TAYLOR GARRIGAN – OPERATING PARTNER/ EXECUTIVE CHEF After a stint at the University of Mississippi in Oxford, Taylor Garrigan wanted to change career paths. In 1998, he began cooking with his brother chef Todd Garrigan and executive chef and owner Harold Marmelstein at Dick & Harry’s in Atlanta. He moved to Colorado to work a ski season in Crested Butte before deciding to take his cooking skills to the next level. He moved to Charleston, and enrolled at Johnson & Wales University. During this time, he worked as a line cook at Magnolias and then worked at Middleton Plantation. After graduating with a degree in hotel and restaurant management, he was hired at The Beach Club at Kiawah Island as a cook and worked with chefs including Paul Tensly and Tom Colicchio. In 2005, he was hired as a cook at FIG to work under renowned chef, Mike Lata. Taylor and Aaron met, became great friends, and together worked on the concept for Home Team BBQ. Once open, Taylor served as the sous chef at the West Ashley location and then moved to Sullivan’s Island when it first opened to act as Executive Chef. He has quickly worked his way up to Executive Chef/Partner over all Home Team BBQ restaurants. In June 2015, Taylor won Episode 13 of Season 23 of Food Network’s Chopped.

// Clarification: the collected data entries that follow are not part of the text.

(* For every integer $n\ge 1$, the triangular stacked prism $Y_{3,n}$ is odd prime.
   Context: All graphs are finite and simple. A graph $G$ of order $N$ is odd prime if there is a bijection $\ell:V(G)\to\{1,3,\ldots,2N-1\}$ with $\gcd(\ell(u),\ell(v))=1$ for every edge $uv$. For $k\ge 3$, $n\ge 1$, the stacked prism $Y_{k,n}$ is the Cartesian product $C_k\,\square\,P_n$ of a $k$-cycle and a path on $n$ vertices: vertices $v_{i,j}$ ($1\le i\le n$, $1\le j\le k$), with edges $v_{i,j}v_{i,j+1}$ ($1\le j\le k-1$), $v_{i,k}v_{i,1}$ for each $i$, and $v_{i,j}v_{i+1,j}$ for $1\le i\le n-1$, $1\le j\le k$. *)

theory Defs
  imports Main
begin

definition odd_prime_graph :: "'a set \<Rightarrow> ('a \<Rightarrow> 'a \<Rightarrow> bool) \<Rightarrow> bool" where
  "odd_prime_graph V E \<longleftrightarrow>
     (\<exists>l :: 'a \<Rightarrow> nat. bij_betw l V {m. odd m \<and> 1 \<le> m \<and> m \<le> 2 * card V - 1} \<and>
        (\<forall>u\<in>V. \<forall>v\<in>V. E u v \<longrightarrow> coprime (l u) (l v)))"

text \<open>Stacked prism Y_{k,n} = C_k \<box> P_n: vertex (i,j) stands for v_{i,j},
  1 \<le> i \<le> n, 1 \<le> j \<le> k.\<close>

definition prism_vertices :: "nat \<Rightarrow> nat \<Rightarrow> (nat \<times> nat) set" where
  "prism_vertices k n = {1..n} \<times> {1..k}"

definition prism_edge :: "nat \<Rightarrow> nat \<Rightarrow> nat \<times> nat \<Rightarrow> nat \<times> nat \<Rightarrow> bool" where
  "prism_edge k n x y \<longleftrightarrow> x \<in> prism_vertices k n \<and> y \<in> prism_vertices k n \<and>
     (let (i, j) = x; (i', j') = y in
       (i = i' \<and> (j' = j + 1 \<or> j = j' + 1 \<or> (j = k \<and> j' = 1) \<or> (j = 1 \<and> j' = k)))
       \<or> (j = j' \<and> (i' = i + 1 \<or> i = i' + 1)))"

end

theory Submission
  imports Defs "HOL-Number_Theory.Cong"
begin

text \<open>Number the vertex \<open>v\<^sub>i\<^sub>,\<^sub>j\<close> by \<open>p(v\<^sub>i\<^sub>,\<^sub>j) = 3(i - 1) + (i + j) mod 3\<close>, so that row \<open>i\<close> occupies
  the block \<open>3(i - 1), 3(i - 1) + 1, 3(i - 1) + 2\<close>. Within a row the numbers differ by \<open>1\<close> or \<open>2\<close>;
  one step down a column raises the offset by one modulo \<open>3\<close>, so \<open>p\<close> grows by \<open>4\<close>, or by \<open>1\<close>
  where the offset wraps from \<open>2\<close> to \<open>0\<close>. Thus adjacent vertices receive numbers differing by a
  power of two, hence so do their labels \<open>2p + 1\<close>, and two odd numbers differing by a power of
  two are coprime.\<close>

lemma coprime_odd_add_power_of_two:
  fixes a :: nat
  assumes "odd a"
  shows "coprime a (a + 2 ^ k)"
proof -
  have "coprime a (2 ^ k)"
    using assms by simp
  then show ?thesis
    by (simp add: coprime_iff_gcd_eq_1)
qed

lemma odd_numbers_upto_eq_image:
  "{m::nat. odd m \<and> 1 \<le> m \<and> m \<le> 2 * N - 1} = (\<lambda>k. 2 * k + 1) ` {..<N}"
  by (auto simp: image_iff elim!: oddE)

lemma odd_prime_graph_if_power_of_two_steps:
  fixes p :: "'a \<Rightarrow> nat"
  assumes bij: "bij_betw p V {..<card V}"
    and steps: "\<And>u v. u \<in> V \<Longrightarrow> v \<in> V \<Longrightarrow> E u v \<Longrightarrow> \<exists>k. p v = p u + 2 ^ k \<or> p u = p v + 2 ^ k"
  shows "odd_prime_graph V E"
  unfolding odd_prime_graph_def
proof (intro exI conjI ballI impI)
  have "bij_betw (\<lambda>k::nat. 2 * k + 1) {..<card V} ((\<lambda>k. 2 * k + 1) ` {..<card V})"
    by (auto simp: bij_betw_def inj_on_def)
  then show "bij_betw (\<lambda>v. 2 * p v + 1) V {m. odd m \<and> 1 \<le> m \<and> m \<le> 2 * card V - 1}"
    unfolding odd_numbers_upto_eq_image using bij_betw_trans[OF bij] by (simp add: comp_def)
next
  fix u v assume "u \<in> V" "v \<in> V" "E u v"
  then obtain k where "p v = p u + 2 ^ k \<or> p u = p v + 2 ^ k"
    using steps by blast
  then have "2 * p v + 1 = (2 * p u + 1) + 2 ^ Suc k \<or> 2 * p u + 1 = (2 * p v + 1) + 2 ^ Suc k"
    by auto
  moreover have "odd (2 * p u + 1)" "odd (2 * p v + 1)"
    by simp_all
  ultimately show "coprime (2 * p u + 1) (2 * p v + 1)"
    using coprime_odd_add_power_of_two coprime_commute by metis
qed

lemma inj_on_add_mod: "inj_on (\<lambda>j::nat. (i + j) mod m) {1..m}"
proof (rule inj_onI)
  fix j j' assume j: "j \<in> {1..m}" "j' \<in> {1..m}" and eq: "(i + j) mod m = (i + j') mod m"
  have "[(i + 1) + (j - 1) = (i + 1) + (j' - 1)] (mod m)"
    using j eq by (simp add: cong_def)
  then have "[j - 1 = j' - 1] (mod m)"
    by (simp only: cong_add_lcancel_nat)
  then have "j - 1 = j' - 1"
    using j by (auto intro: cong_less_modulus_unique_nat)
  with j show "j = j'"
    by auto
qed

fun prism3_index :: "nat \<times> nat \<Rightarrow> nat" where
  "prism3_index (i, j) = 3 * (i - 1) + (i + j) mod 3"

lemma card_prism_vertices: "card (prism_vertices k n) = n * k"
  by (simp add: prism_vertices_def)

lemma inj_on_prism3_index: "inj_on prism3_index (prism_vertices 3 n)"
proof (rule inj_onI, clarify)
  fix i j i' j'
  assume V: "(i, j) \<in> prism_vertices 3 n" "(i', j') \<in> prism_vertices 3 n"
    and eq: "prism3_index (i, j) = prism3_index (i', j')"
  have "i - 1 = i' - 1"
    using arg_cong[OF eq, of "\<lambda>m. m div 3"] by simp
  with V have "i = i'"
    by (auto simp: prism_vertices_def)
  with eq have "(i + j) mod 3 = (i + j') mod 3"
    by simp
  moreover have "j \<in> {1..3}" "j' \<in> {1..3}"
    using V by (auto simp: prism_vertices_def)
  ultimately have "j = j'"
    by (rule inj_onD[OF inj_on_add_mod])
  with \<open>i = i'\<close> show "i = i' \<and> j = j'" ..
qed

lemma bij_betw_prism3_index: "bij_betw prism3_index (prism_vertices 3 n) {..<3 * n}"
proof -
  have "prism3_index ` prism_vertices 3 n \<subseteq> {..<3 * n}"
    by (auto simp: prism_vertices_def)
  moreover have "card (prism3_index ` prism_vertices 3 n) = 3 * n"
    using inj_on_prism3_index card_prism_vertices by (simp add: card_image)
  ultimately show ?thesis
    using inj_on_prism3_index by (simp add: bij_betw_def card_subset_eq)
qed

lemma prism3_index_same_row:
  assumes "j \<in> {1..3}" "j' \<in> {1..3}" "j \<noteq> j'"
  shows "\<exists>k. prism3_index (i, j') = prism3_index (i, j) + 2 ^ k
           \<or> prism3_index (i, j) = prism3_index (i, j') + 2 ^ k"
proof -
  define r r' where "r = (i + j) mod 3" and "r' = (i + j') mod 3"
  have "r \<noteq> r'"
    using inj_on_contraD[OF inj_on_add_mod assms(3,1,2)] unfolding r_def r'_def by simp
  moreover have "r < 3" "r' < 3"
    unfolding r_def r'_def by simp_all
  ultimately have "\<exists>k\<in>{0, 1}. r' = r + 2 ^ k \<or> r = r' + 2 ^ k"
    by auto
  then obtain k where "r' = r + 2 ^ k \<or> r = r' + 2 ^ k"
    by blast
  then show ?thesis
    unfolding r_def r'_def by auto
qed

lemma prism3_index_next_row:
  assumes "i \<ge> 1"
  shows "\<exists>k. prism3_index (i + 1, j) = prism3_index (i, j) + 2 ^ k"
proof -
  define r where "r = (i + j) mod 3"
  have idx: "prism3_index (i, j) = 3 * (i - 1) + r" "prism3_index (i + 1, j) = 3 * i + (r + 1) mod 3"
    unfolding r_def by (simp_all add: mod_Suc_eq)
  have "r < 3"
    unfolding r_def by simp
  then have "prism3_index (i + 1, j) = prism3_index (i, j) + 2 ^ (if r = 2 then 0 else 2)"
    unfolding idx using assms by auto
  then show ?thesis ..
qed

lemma prism3_index_adjacent:
  assumes "prism_edge 3 n u v"
  shows "\<exists>k. prism3_index v = prism3_index u + 2 ^ k \<or> prism3_index u = prism3_index v + 2 ^ k"
proof -
  obtain i j i' j' where uv: "u = (i, j)" "v = (i', j')"
    by fastforce
  have V: "i \<ge> 1" "i' \<ge> 1" "j \<in> {1..3}" "j' \<in> {1..3}"
    using assms by (auto simp: prism_edge_def prism_vertices_def uv)
  consider (row) "i' = i" "j \<noteq> j'" | (up) "j' = j" "i' = i + 1" | (down) "j' = j" "i = i' + 1"
    using assms by (auto simp: prism_edge_def uv)
  then show ?thesis
  proof cases
    case row
    then show ?thesis
      using prism3_index_same_row[OF V(3,4)] uv by (auto simp del: prism3_index.simps)
  next
    case up
    then show ?thesis
      using prism3_index_next_row[OF V(1)] uv by (auto simp del: prism3_index.simps)
  next
    case down
    then show ?thesis
      using prism3_index_next_row[OF V(2)] uv by (auto simp del: prism3_index.simps)
  qed
qed

theorem theorem3p6:
  fixes n :: nat
  assumes "n \<ge> 1"
  shows "odd_prime_graph (prism_vertices 3 n) (prism_edge 3 n)"
proof (rule odd_prime_graph_if_power_of_two_steps)
  show "bij_betw prism3_index (prism_vertices 3 n) {..<card (prism_vertices 3 n)}"
    using bij_betw_prism3_index by (simp add: card_prism_vertices mult.commute)
qed (rule prism3_index_adjacent)

end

JONATHAN BANTA  As a young kid, Jonathan Banta got his first real experience cooking at a culinary arts summer camp in his hometown Pittsgrove, New Jersey. After earning a culinary degree from Johnson and Wales University, Jonathan began to build his culinary and management experience at Gainey Ranch in Scottsdale, Arizona, and Running Deer Golf Club in his home state of New Jersey. He moved to Philadelphia in 2001, where he worked with famed chef Jose Garces at Alma de Cuba. In 1998, he brought his talents to Charleston, taking a restaurant consulting position, and then working at 82 Queen and Rue de Jean. Most recently, Chef Banta served as Chef de Cuisine and General Manager at The Atlantic Room and Ryder Cup Bar in The Ocean Course Clubhouse. As Director of Culinary Operations for Home Team BBQ, he oversees special and charity related events, handling purchasing, streamlining culinary operations, and assisting with menu development.

Gerard Craft of Niche Food Group

Niche Food Group is based in St. Louis, Missouri and owned by executive chef Gerard Craft. As a Food & Wine Best New Chef, Food & Wine Innovator of the Year, 2015 James Beard Foundation Award-winning Best Chef: Midwest, and Inc. Magazine Star Entrepreneur, Chef Craft has been a pioneer for the Midwest dining scene.

A native of Washington, D.C., Chef Craft became addicted to the restaurant life while living in Salt Lake City as a snowboard photographer. Chef Craft went on to cook at Bistro Toujours in Park City, Utah and Chateau Marmont in Los Angeles, California as well as stage at Ryland Inn in Whitehouse Station, New Jersey before making the leap to open a restaurant of his own.

Always a believer in following intuition, Chef Craft settled on a boarded-up building in the Benton Park neighborhood of St. Louis, a city that he had never visited, to open his first restaurant, Niche, at the age of 25 in 2005.

Niche Food Group now includes 8 restaurants in St. Louis and one in Nashville, Tennessee: French bistro fare at Brasserie by Niche, approachable Italian at Pastaria, laid back burgers and brats at brassWELL inside Rockwell Beer Co, Cinder House, a wood-fired, South American-inspired restaurant at the Four Seasons Hotel, Pastaria Deli & Wine, a deli, wine and retail shop next door to Pastaria, Kitchen Bar serving wine, beer and cocktails inside City Foundry STL Food Hall, Bowood by Niche, neighborhood brunch, lunch and dinner spot inside Bowood Farms Garden Center, and latest the concept, Fordo’s Killer Pizza, a wood-fired pizza kitchen also located inside City Foundry.